The European Electronic Toll Service (EETS) is a service which allows a user to conclude one contract with an EETS provider and have his vehicle equipped with one OBE in order to use this vehicle in all toll domains in Europe that require OBE.
In GNSS based toll systems an EETS provider sends the toll charger toll declarations, i.e. statements that a vehicle was circulating within a toll domain. Those declarations may be submitted directly by the OBE or by the central equipment of the EETS provider based on data obtained form the OBE.
In practice, such a scheme will only work if the toll charger can trust the declarations from an EETS provider without having to trust the EETS provider. One way to provide this trust is secure monitoring.
On the other hand privacy legislation requires that no more information be passed to a toll charger than necessary for his business. i.e. collecting a correct toll.
As shown, secure monitoring can provide both an adequate level of trust and of confidentiality.

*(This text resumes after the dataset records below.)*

(* Let $m\ge 1$, let $(n_1,a_1),\dots,(n_{m-1},a_{m-1})$ be pairwise distinct elements of $\mathbb{N}\times\mathbb{D}$, and let $B_1,\dots,B_{m-1}$ be the Gram–Schmidt orthonormalization of $e_{n_1,a_1},\dots,e_{n_{m-1},a_{m-1}}$. Let $Q$ denote the orthogonal projection of $H^2(\mathbb{D})$ onto the orthogonal complement of $\mathrm{span}\{B_1,\dots,B_{m-1}\}$, and for $(n,a)\in\mathbb{N}\times\mathbb{D}$ not among $(n_1,a_1),\dots,(n_{m-1},a_{m-1})$ put $$B_m^{(n,a)}=\frac{Q\,e_{n,a}}{\|Q\,e_{n,a}\|}=\frac{e_{n,a}-\sum_{l=1}^{m-1}\langle e_{n,a},B_l\rangle B_l}{\left\|e_{n,a}-\sum_{l=1}^{m-1}\langle e_{n,a},B_l\rangle B_l\right\|}.$$ Then for every $f\in H^2(\mathbb{D})$: (i) $|\langle f,B_m^{(n,a)}\rangle|\to 0$ as $|a|\to 1$ or $n\to\infty$; and (ii) there exists a pair $(n_m,a_m)\in\mathbb{N}\times\mathbb{D}$, not among $(n_1,a_1),\dots,(n_{m-1},a_{m-1})$, such that $$|\langle f,B_m^{(n_m,a_m)}\rangle|=\sup\{|\langle f,B_m^{(n,a)}\rangle|:(n,a)\in\mathbb{N}\times\mathbb{D}\setminus\{(n_1,a_1),\dots,(n_{m-1},a_{m-1})\}\}.$$
   Context: $\mathbb{D}$ is the open unit disc; $H^2(\mathbb{D})$ the Hardy space with inner product $\langle f,g\rangle=\frac{1}{2\pi}\int_0^{2\pi}f(e^{it})\overline{g(e^{it})}\,dt$. For $n\in\mathbb{N}=\{0,1,\dots\}$ and $a\in\mathbb{D}$, $k_{n,a}(z)=\left(\frac{\partial}{\partial\overline{a}}\right)^n\frac{1}{1-\overline{a}z}=\frac{n!\,z^n}{(1-\overline{a}z)^{n+1}}$ and $e_{n,a}=k_{n,a}/\|k_{n,a}\|$; distinct pairs give linearly independent functions, so $Q e_{n,a}\neq 0$ for pairs not among the given ones. *)

theory Defs
  imports "HOL-Complex_Analysis.Complex_Analysis"
begin

text \<open>Hardy space H^2 of the unit disc, realised via Taylor coefficients at 0.
  An element is a function holomorphic on the open unit disc whose Taylor
  coefficients are square-summable; the inner product
  (1/2pi) int f(e^it) conj(g(e^it)) dt equals the coefficient inner product.\<close>

definition taylor_coeff :: "(complex \<Rightarrow> complex) \<Rightarrow> nat \<Rightarrow> complex" where
  "taylor_coeff f k = (deriv ^^ k) f 0 / of_nat (fact k)"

The major design trade-offs are not between trust and confidentiality, but between trust and confidentiality on one hand and the operational processing, storage and communications cost on the other hand.
The paper at hand reflects the current state of discourse in the Netherlands. It is a technical paper that does not deal with any Dutch policy preferences but provides a generic presentation of the subject.
This paper is a revised version of the paper that was first published on March 12 (PDF format, 110 kB), 2009 and revised on December 15, 2009 (PDF format, 260 kB).
This paper contains the personal view of the author. It does not present or imply any official position of his employer, the Dutch Ministry of Transport, Public Works and Water Management.